The Georgia Institute of Technology has received a five-year grant to lead and coordinate a new initiative that will develop foundational research in massive data analysis and visual analytics. A research team headed by Haesun Park, a professor and associate chair in the Computational Science and Engineering Division of the Georgia Tech College of Computing, will investigate ways to improve the visual analytics of massive data sets through machine learning, numerical algorithms and optimization, computational statistics, and information visualization.

“Developing new and improved mathematical and computational methodologies will further enable systems developers, intelligence analysts, biologists and health care workers to implement new methods to ‘detect the expected and discover the unexpected’ among massive data sets,” Park explained.

The $3 million joint National Science Foundation and Department of Homeland Security grant establishes Georgia Tech as the lead academic research institution for all national Foundations of Data and Visual Analytics (FODAVA) research efforts. Seven other FODAVA Partnership Awards will be announced later this year, all working in conjunction with eleven Georgia Tech investigators to advance the field.
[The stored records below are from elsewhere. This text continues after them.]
definition Tk_edges :: "nat \<Rightarrow> (tvert \<times> tvert) set" where
  "Tk_edges k = {(V 0, V i) | i. 1 \<le> i \<and> i \<le> 3} \<union>
     {(V i, X i j) | i j. 1 \<le> i \<and> i \<le> 3 \<and> 1 \<le> j \<and> j \<le> k} \<union>
     {(X i j, Y i j) | i j. 1 \<le> i \<and> i \<le> 3 \<and> 1 \<le> j \<and> j \<le> k} \<union>
     {(Y i j, Z i j) | i j. 1 \<le> i \<and> i \<le> 3 \<and> 1 \<le> j \<and> j \<le> k}"

definition Tk_adj :: "nat \<Rightarrow> tvert \<Rightarrow> tvert \<Rightarrow> bool" where
  "Tk_adj k u v \<longleftrightarrow> (u, v) \<in> Tk_edges k \<or> (v, u) \<in> Tk_edges k"

end

(*
  Every dominating set of T_k contains y_ij or z_ij for each of the 3k pendant paths, since z_ij
  must be dominated; so it contains a set yz_choice k T (z on the paths in T, y on the others).

  Lower bound for d_(3k+3): the sets A together with yz_choice k T are dominating and pairwise
  distinct for A = {v_1, v_2, v_3} and any T (2^(3k) sets), and for A = {x_lm} together with
  {v_i : i ~= l} and T containing no path of branch l except lm (2^(2k+1) sets for each of the
  3k choices of lm).

  Upper bound for d_(3k+2): a dominating set of size 3k+2 contains v_0, for otherwise every branch i
  needs v_i or some x_ij, which costs 3 more vertices. Hence it is {v_0, w} together with
  yz_choice k T, where T collects the paths missing y; on such a path x_ij must be dominated by
  w = x_ij or w = v_i. So either T is empty, or T = {ij} and w = x_ij, or w = v_l and T lies in
  branch l, giving d_(3k+2) <= (9k+4) + 3k + 3 * 2^k.

  For k >= 4 the lower bound exceeds the square of the upper bound, and d_(3k+1) >= 1, so
  d_(3k+1) d_(3k+3) > d_(3k+2)^2.
*)
theory Submission
  imports Defs
begin

lemma card_Un3_le: "card (A \<union> B \<union> C) \<le> card A + card B + card C"
  using card_Un_le[of "A \<union> B" C] card_Un_le[of A B] by linarith

lemma dominating_setD:
  "dominating_set U E S \<Longrightarrow> v \<in> U \<Longrightarrow> v \<in> S \<or> (\<exists>u\<in>S. E v u)"
  by (simp add: dominating_set_def)

lemma finite_dominating_set: "dominating_set U E S \<Longrightarrow> finite U \<Longrightarrow> finite S"
  by (auto simp: dominating_set_def intro: finite_subset)

lemma finite_dominating_sets:
  "finite U \<Longrightarrow> finite {S. dominating_set U E S \<and> card S = i}"
  by (rule finite_subset[of _ "Pow U"]) (auto simp: dominating_set_def)

lemma card_le_dom_coeff:
  assumes "finite U" "\<And>S. S \<in> \<F> \<Longrightarrow> dominating_set U E S \<and> card S = i"
  shows "card \<F> \<le> dom_coeff U E i"
  unfolding dom_coeff_def using assms by (intro card_mono finite_dominating_sets) auto

lemma dom_coeff_le_card:
  assumes "finite \<F>" "\<And>S. dominating_set U E S \<Longrightarrow> card S = i \<Longrightarrow> S \<in> \<F>"
  shows "dom_coeff U E i \<le> card \<F>"
  unfolding dom_coeff_def using assms by (intro card_mono) auto

lemma dom_coeff_pos_imp_le_card:
  assumes "finite U" "0 < dom_coeff U E i"
  shows "i \<le> card U"
proof -
  have "{S. dominating_set U E S \<and> card S = i} \<noteq> {}"
    using assms(2) unfolding dom_coeff_def by (metis card.empty less_irrefl)
  then obtain S where "dominating_set U E S" "card S = i"
    by blast
  then show ?thesis
    using assms(1) by (auto simp: dominating_set_def intro: card_mono)
qed

lemma not_log_concave_coeffs:
  assumes "1 \<le> i" "i + 1 \<le> n" "0 < a (i - 1)" "a i ^ 2 < a (i + 1)"
  shows "\<not> log_concave_coeffs a n"
proof
  assume "log_concave_coeffs a n"
  then have "a (i - 1) * a (i + 1) \<le> a i ^ 2"
    using assms(1,2) by (simp add: log_concave_coeffs_def)
  moreover have "a (i + 1) \<le> a (i - 1) * a (i + 1)"
    using assms(3) by simp
  ultimately show False
    using assms(4) by linarith
qed

definition pendant_paths :: "nat \<Rightarrow> (nat \<times> nat) set" where
  "pendant_paths k = {1..3} \<times> {1..k}"

lemma mem_pendant_paths [simp]:
  "(i, j) \<in> pendant_paths k \<longleftrightarrow> 1 \<le> i \<and> i \<le> 3 \<and> 1 \<le> j \<and> j \<le> k"
  by (auto simp: pendant_paths_def)

lemma finite_pendant_paths [simp]: "finite (pendant_paths k)"
  by (simp add: pendant_paths_def)

lemma card_pendant_paths: "card (pendant_paths k) = 3 * k"
  by (simp add: pendant_paths_def)

lemma Tk_verts_eq:
  "Tk_verts k = V ` {..3} \<union> case_prod X ` pendant_paths k \<union> case_prod Y ` pendant_paths k
     \<union> case_prod Z ` pendant_paths k"
  by (auto simp: Tk_verts_def)

lemma finite_Tk_verts [simp]: "finite (Tk_verts k)"
  by (simp add: Tk_verts_eq)

lemma card_Tk_verts_le: "card (Tk_verts k) \<le> 9 * k + 4"
proof -
  have "card (Tk_verts k) \<le> card (V ` {..3}) + card (case_prod X ` pendant_paths k)
      + card (case_prod Y ` pendant_paths k) + card (case_prod Z ` pendant_paths k)"
    unfolding Tk_verts_eq by (meson card_Un_le add_le_mono le_refl order_trans)
  also have "\<dots> \<le> 4 + 3 * k + 3 * k + 3 * k"
    by (intro add_mono card_image_le[THEN order_trans]) (simp_all add: card_pendant_paths)
  finally show ?thesis by simp
qed

lemma Tk_adj_V0: "Tk_adj k (V 0) u \<longleftrightarrow> (\<exists>i. 1 \<le> i \<and> i \<le> 3 \<and> u = V i)"
  by (auto simp: Tk_adj_def Tk_edges_def)

lemma Tk_adj_V:
  "1 \<le> i \<Longrightarrow> Tk_adj k (V i) u \<longleftrightarrow> i \<le> 3 \<and> (u = V 0 \<or> (\<exists>j. 1 \<le> j \<and> j \<le> k \<and> u = X i j))"
  by (auto simp: Tk_adj_def Tk_edges_def)

lemma Tk_adj_X: "Tk_adj k (X i j) u \<longleftrightarrow> (i, j) \<in> pendant_paths k \<and> (u = V i \<or> u = Y i j)"
  by (auto simp: Tk_adj_def Tk_edges_def)

lemma Tk_adj_Y: "Tk_adj k (Y i j) u \<longleftrightarrow> (i, j) \<in> pendant_paths k \<and> (u = X i j \<or> u = Z i j)"
  by (auto simp: Tk_adj_def Tk_edges_def)

lemma Tk_adj_Z: "Tk_adj k (Z i j) u \<longleftrightarrow> (i, j) \<in> pendant_paths k \<and> u = Y i j"
  by (auto simp: Tk_adj_def Tk_edges_def)

definition yz_choice :: "nat \<Rightarrow> (nat \<times> nat) set \<Rightarrow> tvert set" where
  "yz_choice k T = case_prod Y ` (pendant_paths k - T) \<union> case_prod Z ` T"

lemma mem_yz_choice [simp]:
  "V i \<notin> yz_choice k T"
  "X i j \<notin> yz_choice k T"
  "Y i j \<in> yz_choice k T \<longleftrightarrow> (i, j) \<in> pendant_paths k - T"
  "Z i j \<in> yz_choice k T \<longleftrightarrow> (i, j) \<in> T"
  by (auto simp: yz_choice_def)

lemma card_yz_choice:
  assumes "T \<subseteq> pendant_paths k"
  shows "card (yz_choice k T) = 3 * k"
proof -
  have "yz_choice k T = (\<lambda>(i, j). if (i, j) \<in> T then Z i j else Y i j) ` pendant_paths k"
    using assms by (force simp: yz_choice_def)
  moreover have "inj_on (\<lambda>(i, j). if (i, j) \<in> T then Z i j else Y i j) (pendant_paths k)"
    by (auto simp: inj_on_def split: if_splits)
  ultimately show ?thesis
    by (simp add: card_image card_pendant_paths)
qed

lemma finite_yz_choice: "T \<subseteq> pendant_paths k \<Longrightarrow> finite (yz_choice k T)"
  using finite_subset[OF _ finite_pendant_paths] by (simp add: yz_choice_def)

lemma yz_choice_subset_Tk_verts: "T \<subseteq> pendant_paths k \<Longrightarrow> yz_choice k T \<subseteq> Tk_verts k"
  by (auto simp: yz_choice_def Tk_verts_eq)

lemma dominating_set_Un_yz_choice:
  assumes "A \<subseteq> Tk_verts k" "T \<subseteq> pendant_paths k"
    and V_dominated: "\<And>i. i \<le> 3 \<Longrightarrow> V i \<in> A \<or> (\<exists>u\<in>A. Tk_adj k (V i) u)"
    and X_dominated: "\<And>i j. (i, j) \<in> T \<Longrightarrow> X i j \<in> A \<or> V i \<in> A"
  shows "dominating_set (Tk_verts k) (Tk_adj k) (A \<union> yz_choice k T)"
  unfolding dominating_set_def
proof (intro conjI ballI)
  show "A \<union> yz_choice k T \<subseteq> Tk_verts k"
    using assms(1,2) yz_choice_subset_Tk_verts by blast
next
  fix v assume "v \<in> Tk_verts k"
  then consider (V) i where "v = V i" "i \<le> 3"
    | (X) i j where "v = X i j" "(i, j) \<in> pendant_paths k"
    | (Y) i j where "v = Y i j" "(i, j) \<in> pendant_paths k"
    | (Z) i j where "v = Z i j" "(i, j) \<in> pendant_paths k"
    unfolding Tk_verts_eq by auto
  then show "v \<in> A \<union> yz_choice k T \<or> (\<exists>u\<in>A \<union> yz_choice k T. Tk_adj k v u)"
  proof cases
    case V
    then show ?thesis using V_dominated by blast
  next
    case X
    then show ?thesis using X_dominated[of i j] by (cases "(i, j) \<in> T") (auto simp: Tk_adj_X)
  next
    case Y
    then show ?thesis by (cases "(i, j) \<in> T") (auto simp: Tk_adj_Y)
  next
    case Z
    then show ?thesis by (cases "(i, j) \<in> T") (auto simp: Tk_adj_Z)
  qed
qed

section \<open>Lower bound on d_(3k+3)\<close>

lemma inj_V: "inj V"
  by (rule injI) simp

definition branch_core :: "nat \<times> nat \<Rightarrow> tvert set" where
  "branch_core = (\<lambda>(l, m). insert (X l m) (V ` ({1..3} - {l})))"

definition cores :: "nat \<Rightarrow> tvert set set" where
  "cores k = insert (V ` {1..3}) (branch_core ` pendant_paths k)"

definition z_choices :: "nat \<Rightarrow> tvert set \<Rightarrow> (nat \<times> nat) set set" where
  "z_choices k A = {T. T \<subseteq> pendant_paths k \<and> (\<forall>(i, j)\<in>T. X i j \<in> A \<or> V i \<in> A)}"

lemma core_subset_Tk_verts: "A \<in> cores k \<Longrightarrow> A \<subseteq> Tk_verts k"
  by (auto simp: cores_def branch_core_def Tk_verts_eq)

lemma core_subset_range_V_X: "A \<in> cores k \<Longrightarrow> A \<subseteq> range V \<union> range (case_prod X)"
  by (auto simp: cores_def branch_core_def)

lemma card_core: "A \<in> cores k \<Longrightarrow> card A = 3"
proof (unfold cores_def, elim insertE imageE)
  show "card A = 3" if "A = V ` {1..3}"
    using that by (simp add: card_image[OF inj_on_subset[OF inj_V]])
  show "card A = 3" if A: "A = branch_core p" and p: "p \<in> pendant_paths k" for p
  proof -
    obtain l m where p: "p = (l, m)" "l \<in> {1..3}"
      using p by (cases p) auto
    have "card (V ` ({1..3} - {l})) = 2"
      using p(2) by (simp add: card_image[OF inj_on_subset[OF inj_V]])
    then show ?thesis
      using A p(1) by (simp add: branch_core_def card_insert_if image_iff)
  qed
qed

lemma core_dominates_V:
  assumes "A \<in> cores k" "i \<le> 3"
  shows "V i \<in> A \<or> (\<exists>u\<in>A. Tk_adj k (V i) u)"
  using assms(1) unfolding cores_def
proof (elim insertE imageE)
  show ?thesis if "A = V ` {1..3}"
    using that assms(2) by (cases "i = 0") (auto simp: Tk_adj_V0)
  show ?thesis if A: "A = branch_core p" and p: "p \<in> pendant_paths k" for p
  proof -
    obtain l m where p: "p = (l, m)" "(l, m) \<in> pendant_paths k"
      using p by (cases p) auto
    define l' where "l' = (if l = 1 then 2 else 1 :: nat)"
    have "V l' \<in> A" "Tk_adj k (V 0) (V l')"
      using A p by (auto simp: branch_core_def l'_def Tk_adj_V0)
    moreover have "X l m \<in> A" "Tk_adj k (V l) (X l m)"
      using A p by (auto simp: branch_core_def Tk_adj_V)
    moreover have "V i \<in> A" if "1 \<le> i" "i \<noteq> l"
      using that assms(2) A p by (auto simp: branch_core_def)
    ultimately show ?thesis
      by (metis less_one not_less)
  qed
qed

lemma z_choices_V123: "z_choices k (V ` {1..3}) = Pow (pendant_paths k)"
  by (auto simp: z_choices_def)

lemma z_choices_branch_core:
  assumes "(l, m) \<in> pendant_paths k"
  shows "z_choices k (branch_core (l, m)) = Pow (pendant_paths k - {l} \<times> ({1..k} - {m}))"
  using assms by (auto simp: z_choices_def branch_core_def inj_image_mem_iff[OF inj_V])

lemma X_mem_branch_core: "X i j \<in> branch_core (l, m) \<longleftrightarrow> i = l \<and> j = m"
  by (auto simp: branch_core_def)

lemma finite_z_choices: "finite (z_choices k A)"
  by (rule finite_subset[of _ "Pow (pendant_paths k)"]) (auto simp: z_choices_def)

lemma card_z_choices_branch_core:
  assumes "(l, m) \<in> pendant_paths k"
  shows "card (z_choices k (branch_core (l, m))) = 2 ^ (2 * k + 1)"
proof -
  have "{l} \<times> ({1..k} - {m}) \<subseteq> pendant_paths k" "card ({l} \<times> ({1..k} - {m})) = k - 1"
    using assms by auto
  then have "card (pendant_paths k - {l} \<times> ({1..k} - {m})) = 2 * k + 1"
    using assms by (simp add: card_Diff_subset card_pendant_paths)
  then show ?thesis
    using assms by (simp add: z_choices_branch_core card_Pow)
qed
Over the next five years, the Georgia Tech-led research team will work to establish FODAVA as a distinct research field and build a community of top-quality researchers that will collaborate on research workshops and conferences, industry engagement and technology transfer.

 
 From law enforcement and intelligence gathering to electronic heath records and computational biology, the accurate and timely analysis of massive amounts of information is critical to deeper understanding and effective decision making.

“Collaborations across Georgia Tech’s computing, engineering and mathematics disciplines aim to develop better scientific and foundational methods to help practitioners in many different lines of work analyze and interactively explore large data sets more efficiently and effectively,” Park added.